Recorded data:
* * *
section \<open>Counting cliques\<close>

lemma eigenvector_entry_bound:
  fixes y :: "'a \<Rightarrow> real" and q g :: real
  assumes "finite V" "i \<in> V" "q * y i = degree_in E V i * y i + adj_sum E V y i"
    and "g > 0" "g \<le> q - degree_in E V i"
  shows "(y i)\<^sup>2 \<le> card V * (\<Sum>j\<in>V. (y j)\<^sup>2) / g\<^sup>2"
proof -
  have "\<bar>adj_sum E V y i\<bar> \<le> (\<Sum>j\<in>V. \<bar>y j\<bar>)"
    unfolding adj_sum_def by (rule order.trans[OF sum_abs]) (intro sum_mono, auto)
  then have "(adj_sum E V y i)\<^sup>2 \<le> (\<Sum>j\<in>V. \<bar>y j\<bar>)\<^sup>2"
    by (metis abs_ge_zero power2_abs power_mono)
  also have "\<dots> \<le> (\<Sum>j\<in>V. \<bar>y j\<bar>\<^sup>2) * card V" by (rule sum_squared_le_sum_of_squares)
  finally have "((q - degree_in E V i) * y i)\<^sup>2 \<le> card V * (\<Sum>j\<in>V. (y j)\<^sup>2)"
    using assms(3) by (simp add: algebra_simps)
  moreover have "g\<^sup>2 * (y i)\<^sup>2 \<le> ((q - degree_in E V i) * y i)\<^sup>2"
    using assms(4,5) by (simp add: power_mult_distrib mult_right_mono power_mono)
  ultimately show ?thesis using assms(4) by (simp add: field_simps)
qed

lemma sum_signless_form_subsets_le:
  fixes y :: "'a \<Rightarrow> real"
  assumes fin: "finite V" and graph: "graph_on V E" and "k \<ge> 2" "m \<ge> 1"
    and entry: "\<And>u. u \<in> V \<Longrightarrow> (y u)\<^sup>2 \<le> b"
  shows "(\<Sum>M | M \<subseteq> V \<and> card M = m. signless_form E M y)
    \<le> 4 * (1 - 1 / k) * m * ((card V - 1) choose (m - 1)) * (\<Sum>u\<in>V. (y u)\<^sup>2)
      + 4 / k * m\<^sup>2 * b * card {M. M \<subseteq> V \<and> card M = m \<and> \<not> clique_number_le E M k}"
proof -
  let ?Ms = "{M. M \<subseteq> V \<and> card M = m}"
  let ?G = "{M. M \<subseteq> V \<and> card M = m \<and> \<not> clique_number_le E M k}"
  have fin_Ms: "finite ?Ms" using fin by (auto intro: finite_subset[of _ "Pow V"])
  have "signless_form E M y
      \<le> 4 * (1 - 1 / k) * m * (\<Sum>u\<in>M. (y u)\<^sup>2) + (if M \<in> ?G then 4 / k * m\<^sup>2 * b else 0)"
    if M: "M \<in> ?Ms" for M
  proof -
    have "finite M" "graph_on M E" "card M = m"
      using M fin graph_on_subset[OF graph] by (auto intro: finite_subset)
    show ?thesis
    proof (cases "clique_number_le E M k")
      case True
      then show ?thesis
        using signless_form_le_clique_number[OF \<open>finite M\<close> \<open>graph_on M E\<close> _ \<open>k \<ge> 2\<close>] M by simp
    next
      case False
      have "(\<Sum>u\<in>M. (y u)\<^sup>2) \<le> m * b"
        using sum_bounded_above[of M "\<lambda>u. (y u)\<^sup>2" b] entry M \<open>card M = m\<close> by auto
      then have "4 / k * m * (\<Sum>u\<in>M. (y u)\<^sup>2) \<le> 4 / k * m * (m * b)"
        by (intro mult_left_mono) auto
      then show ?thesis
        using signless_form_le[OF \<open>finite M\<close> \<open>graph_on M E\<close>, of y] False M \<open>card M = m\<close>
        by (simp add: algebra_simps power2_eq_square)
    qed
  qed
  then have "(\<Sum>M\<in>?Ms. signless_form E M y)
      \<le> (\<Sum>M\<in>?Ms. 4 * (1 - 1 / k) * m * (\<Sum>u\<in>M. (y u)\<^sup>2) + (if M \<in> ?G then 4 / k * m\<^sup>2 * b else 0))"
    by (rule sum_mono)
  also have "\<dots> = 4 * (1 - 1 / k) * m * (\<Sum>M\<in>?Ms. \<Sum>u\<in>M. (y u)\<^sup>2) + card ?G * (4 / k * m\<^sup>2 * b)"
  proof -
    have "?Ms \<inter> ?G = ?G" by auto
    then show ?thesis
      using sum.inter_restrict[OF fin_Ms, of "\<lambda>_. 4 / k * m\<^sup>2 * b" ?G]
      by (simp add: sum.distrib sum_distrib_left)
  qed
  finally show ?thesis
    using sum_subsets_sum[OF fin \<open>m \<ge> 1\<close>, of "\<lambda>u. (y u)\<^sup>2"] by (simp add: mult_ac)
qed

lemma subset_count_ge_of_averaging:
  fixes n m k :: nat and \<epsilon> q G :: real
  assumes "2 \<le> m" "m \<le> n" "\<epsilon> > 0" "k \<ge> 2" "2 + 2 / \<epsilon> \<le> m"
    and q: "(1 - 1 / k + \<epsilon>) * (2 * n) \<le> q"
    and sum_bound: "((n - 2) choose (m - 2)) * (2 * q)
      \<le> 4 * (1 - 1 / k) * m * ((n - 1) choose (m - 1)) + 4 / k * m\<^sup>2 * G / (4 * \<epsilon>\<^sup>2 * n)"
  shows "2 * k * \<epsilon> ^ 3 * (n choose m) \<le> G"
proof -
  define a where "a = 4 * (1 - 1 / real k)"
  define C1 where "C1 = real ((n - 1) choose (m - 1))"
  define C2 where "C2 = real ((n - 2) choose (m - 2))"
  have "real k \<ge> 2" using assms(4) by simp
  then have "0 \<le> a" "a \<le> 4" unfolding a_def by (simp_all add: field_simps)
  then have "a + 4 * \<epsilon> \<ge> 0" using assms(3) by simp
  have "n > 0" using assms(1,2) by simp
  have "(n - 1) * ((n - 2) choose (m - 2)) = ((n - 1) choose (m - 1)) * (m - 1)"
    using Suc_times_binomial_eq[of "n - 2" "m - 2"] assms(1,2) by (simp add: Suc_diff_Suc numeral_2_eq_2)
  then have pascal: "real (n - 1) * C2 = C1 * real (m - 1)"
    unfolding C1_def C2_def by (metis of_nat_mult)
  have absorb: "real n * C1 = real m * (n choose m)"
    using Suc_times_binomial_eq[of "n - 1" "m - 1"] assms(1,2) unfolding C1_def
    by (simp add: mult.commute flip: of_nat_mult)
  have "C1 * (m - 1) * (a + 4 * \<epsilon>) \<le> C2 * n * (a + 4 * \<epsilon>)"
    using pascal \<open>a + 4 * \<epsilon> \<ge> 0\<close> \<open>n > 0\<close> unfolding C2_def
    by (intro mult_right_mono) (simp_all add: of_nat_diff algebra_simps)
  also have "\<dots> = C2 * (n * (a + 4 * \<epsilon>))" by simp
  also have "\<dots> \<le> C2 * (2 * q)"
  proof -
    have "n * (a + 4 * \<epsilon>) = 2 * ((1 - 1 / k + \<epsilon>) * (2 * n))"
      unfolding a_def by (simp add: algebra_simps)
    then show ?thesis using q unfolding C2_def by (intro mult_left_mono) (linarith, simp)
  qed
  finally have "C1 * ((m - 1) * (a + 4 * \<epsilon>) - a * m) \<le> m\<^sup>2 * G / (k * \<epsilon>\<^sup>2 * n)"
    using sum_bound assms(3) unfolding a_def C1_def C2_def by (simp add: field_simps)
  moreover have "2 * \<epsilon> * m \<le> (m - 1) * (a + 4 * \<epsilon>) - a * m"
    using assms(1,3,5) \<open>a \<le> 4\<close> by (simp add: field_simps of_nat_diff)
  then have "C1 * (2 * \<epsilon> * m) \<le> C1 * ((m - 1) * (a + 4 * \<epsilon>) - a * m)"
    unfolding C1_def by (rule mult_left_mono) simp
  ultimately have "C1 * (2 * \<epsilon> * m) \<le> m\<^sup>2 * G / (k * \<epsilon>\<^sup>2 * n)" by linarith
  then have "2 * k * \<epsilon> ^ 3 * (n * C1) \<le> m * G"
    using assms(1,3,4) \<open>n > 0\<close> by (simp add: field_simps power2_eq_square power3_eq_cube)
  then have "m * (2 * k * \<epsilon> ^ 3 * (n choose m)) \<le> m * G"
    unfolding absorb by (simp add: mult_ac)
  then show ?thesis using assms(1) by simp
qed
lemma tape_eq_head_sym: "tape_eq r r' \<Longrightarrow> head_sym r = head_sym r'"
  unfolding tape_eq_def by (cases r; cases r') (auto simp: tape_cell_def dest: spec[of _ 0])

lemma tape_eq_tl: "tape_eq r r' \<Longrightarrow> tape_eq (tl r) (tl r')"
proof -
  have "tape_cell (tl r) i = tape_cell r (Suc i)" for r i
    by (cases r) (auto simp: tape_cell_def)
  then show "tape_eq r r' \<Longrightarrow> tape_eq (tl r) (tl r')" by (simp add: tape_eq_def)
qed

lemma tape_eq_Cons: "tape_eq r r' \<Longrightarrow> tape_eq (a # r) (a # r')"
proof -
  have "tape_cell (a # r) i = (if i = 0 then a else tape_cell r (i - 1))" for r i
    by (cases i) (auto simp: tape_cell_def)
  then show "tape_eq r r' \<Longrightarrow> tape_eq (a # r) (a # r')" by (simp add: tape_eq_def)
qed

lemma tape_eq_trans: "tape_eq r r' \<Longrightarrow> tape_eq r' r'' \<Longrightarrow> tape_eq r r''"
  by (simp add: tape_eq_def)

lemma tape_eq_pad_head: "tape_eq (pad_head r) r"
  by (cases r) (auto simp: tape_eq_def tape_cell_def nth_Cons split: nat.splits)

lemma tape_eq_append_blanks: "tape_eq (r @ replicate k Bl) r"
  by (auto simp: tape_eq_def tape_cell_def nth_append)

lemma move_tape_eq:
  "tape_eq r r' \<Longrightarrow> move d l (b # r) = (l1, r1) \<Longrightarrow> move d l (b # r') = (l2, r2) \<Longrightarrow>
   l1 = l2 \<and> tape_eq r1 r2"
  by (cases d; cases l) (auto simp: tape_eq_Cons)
* * *
The reply should consist solely of the lines of the data, exact, from the opening line through the line with "using assms(4,5) by", inclusive.

> [Task answer]:
section \<open>Counting cliques\<close>

lemma eigenvector_entry_bound:
  fixes y :: "'a \<Rightarrow> real" and q g :: real
  assumes "finite V" "i \<in> V" "q * y i = degree_in E V i * y i + adj_sum E V y i"
    and "g > 0" "g \<le> q - degree_in E V i"
  shows "(y i)\<^sup>2 \<le> card V * (\<Sum>j\<in>V. (y j)\<^sup>2) / g\<^sup>2"
proof -
  have "\<bar>adj_sum E V y i\<bar> \<le> (\<Sum>j\<in>V. \<bar>y j\<bar>)"
    unfolding adj_sum_def by (rule order.trans[OF sum_abs]) (intro sum_mono, auto)
  then have "(adj_sum E V y i)\<^sup>2 \<le> (\<Sum>j\<in>V. \<bar>y j\<bar>)\<^sup>2"
    by (metis abs_ge_zero power2_abs power_mono)
  also have "\<dots> \<le> (\<Sum>j\<in>V. \<bar>y j\<bar>\<^sup>2) * card V" by (rule sum_squared_le_sum_of_squares)
  finally have "((q - degree_in E V i) * y i)\<^sup>2 \<le> card V * (\<Sum>j\<in>V. (y j)\<^sup>2)"
    using assms(3) by (simp add: algebra_simps)
  moreover have "g\<^sup>2 * (y i)\<^sup>2 \<le> ((q - degree_in E V i) * y i)\<^sup>2"
    using assms(4,5) by (simp add: power_mult_distrib mult_right_mono power_mono)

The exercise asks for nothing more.